Telangana Jagarana Sena is an outfit launched by the Telangana Rashtra Samithi, an Indian political party striving to establish a separate Telangana state within the boundaries of India, on 10 September 2005.

The goal behind the forming of the TJS was, according to TRS, to "counter anti-Telangana forces". TJS sainiks wears a white uniform and pink scarfs (pink is the colour of TRS). The sainiks are training in using lathis. TRS leader A. Narendra has however stated that TJS are willing to take up AK-47s in the struggle for Telangana statehood, a statement that provoked criminal charges against him.

TJS has been accused of being 'the militant wing of TRS'. TRS leaders have however claimed that TJS are committed to working within the limits of the Indian Constitution.
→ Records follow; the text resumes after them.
(* Let $n\ge2$, let $\mathcal{P}$ be a distribution on $\mathcal{Z}$, let $\ell:\mathbb{R}^K\times\mathcal{Z}\to[0,1]$, and let $\mathcal{A}:\mathcal{Z}^{n-1}\to\mathbb{R}^K$ be the deterministic algorithm that runs $T$ steps of SGD from a fixed initialization $w_0$ (the same for every training set), $w_{t+1}=G_t(w_t)$, where for every training set every update map $G_t$ is $\gamma$-bounded. For $\sigma>0$ let $\mathcal{A}_{\sigma^2I}(z)=\mathcal{A}(z)+N$, $N\sim\mathcal{N}(0,\sigma^2I_K)$. Then \[ \mathrm{gen}(\mathcal{A}_{\sigma^2I})\le\sqrt{\frac{c_n^2T^2\gamma}{\sigma^2}},\qquad c_n=\frac{n}{n-1}. \]
   Context: An update map $G:\mathbb{R}^K\to\mathbb{R}^K$ is $\gamma$-bounded if $\|G(w)-w\|\le\sqrt\gamma$ for all $w$. With $\mathcal{L}(w)=\mathbb{E}_{Z'\sim\mathcal{P}}\ell(w,Z')$ and $\widehat{\mathcal{L}}(w,z^m)=\frac1m\sum_i\ell(w,z_i)$, $\mathrm{gen}(\mathcal{A}_{\sigma^2I})=|\mathbb{E}[\mathcal{L}(\mathcal{A}_{\sigma^2I}(Z^{n-1}))-\widehat{\mathcal{L}}(\mathcal{A}_{\sigma^2I}(Z^{n-1}),Z^{n-1})]|$, $Z^{n-1}\sim\mathcal{P}^{n-1}$, expectation also over the noise. *)

theory Defs
  imports "HOL-Probability.Probability"
begin

text \<open>Isotropic Gaussian N(0, sigma^2 I_K) on R^K (K = CARD('k)), given by its
  density with respect to Lebesgue measure; sigma is the standard deviation.\<close>
definition gaussian_iso :: "real \<Rightarrow> (real ^ 'k) measure" where
  "gaussian_iso \<sigma> = density lborel (\<lambda>x. ennreal (\<Prod>i\<in>UNIV. normal_density 0 \<sigma> (x $ i)))"

definition gamma_bounded :: "real \<Rightarrow> ('a::real_normed_vector \<Rightarrow> 'a) \<Rightarrow> bool" where
  "gamma_bounded \<gamma> G \<longleftrightarrow> (\<forall>w. norm (G w - w) \<le> sqrt \<gamma>)"

primrec sgd_iter :: "('s \<Rightarrow> nat \<Rightarrow> 'a \<Rightarrow> 'a) \<Rightarrow> 'a \<Rightarrow> 's \<Rightarrow> nat \<Rightarrow> 'a" where
  "sgd_iter G w0 s 0 = w0"
| "sgd_iter G w0 s (Suc t) = G s t (sgd_iter G w0 s t)"

definition pop_risk :: "'z measure \<Rightarrow> ('w \<Rightarrow> 'z \<Rightarrow> real) \<Rightarrow> 'w \<Rightarrow> real" where
  "pop_risk P loss w = (\<integral>z. loss w z \<partial>P)"

definition emp_risk :: "('w \<Rightarrow> 'z \<Rightarrow> real) \<Rightarrow> 'w \<Rightarrow> nat \<Rightarrow> (nat \<Rightarrow> 'z) \<Rightarrow> real" where
  "emp_risk loss w m s = (1 / real m) * (\<Sum>i<m. loss w (s i))"

definition gen_noisy :: "'z measure \<Rightarrow> ((real ^ 'k) \<Rightarrow> 'z \<Rightarrow> real) \<Rightarrow> nat
    \<Rightarrow> ((nat \<Rightarrow> 'z) \<Rightarrow> real ^ 'k) \<Rightarrow> real \<Rightarrow> real" where
  "gen_noisy P loss m A \<sigma> =
     \<bar>\<integral>p. (pop_risk P loss (A (fst p) + snd p) - emp_risk loss (A (fst p) + snd p) m (fst p))
        \<partial>(PiM {..<m} (\<lambda>_. P) \<Otimes>\<^sub>M gaussian_iso \<sigma>)\<bar>"

end

theory Submission
  imports Defs
begin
The Chief Commander of TJS(Telangana Jagarana Sena) is Koride Umakanth, a former Rashtriya Swayamsevak Sangh activist.

The TRS formally launched TJS(Telangana Jagarana Sena) on 10 September to counter anti-Telangana forces, by organising a full-fledged training camp for lathi-wielding cadres. 'Chief Commander' Koride Umakanth, a former RSS vibhag pramukh at Hyderabad, heads the Sena.

The first batch of 600 'preraks' (motivators) of TJS was given basic induction training at a drill. They would be imparted training in martial arts.

The volunteers, donning white shirts and trousers and pink scarves (khanduvas), carried full-length lathis on their shoulders. Chandrasekhar Rao and Union Minister of State for Rural Development A Narendra, led the inaugural parade at the three-day camp.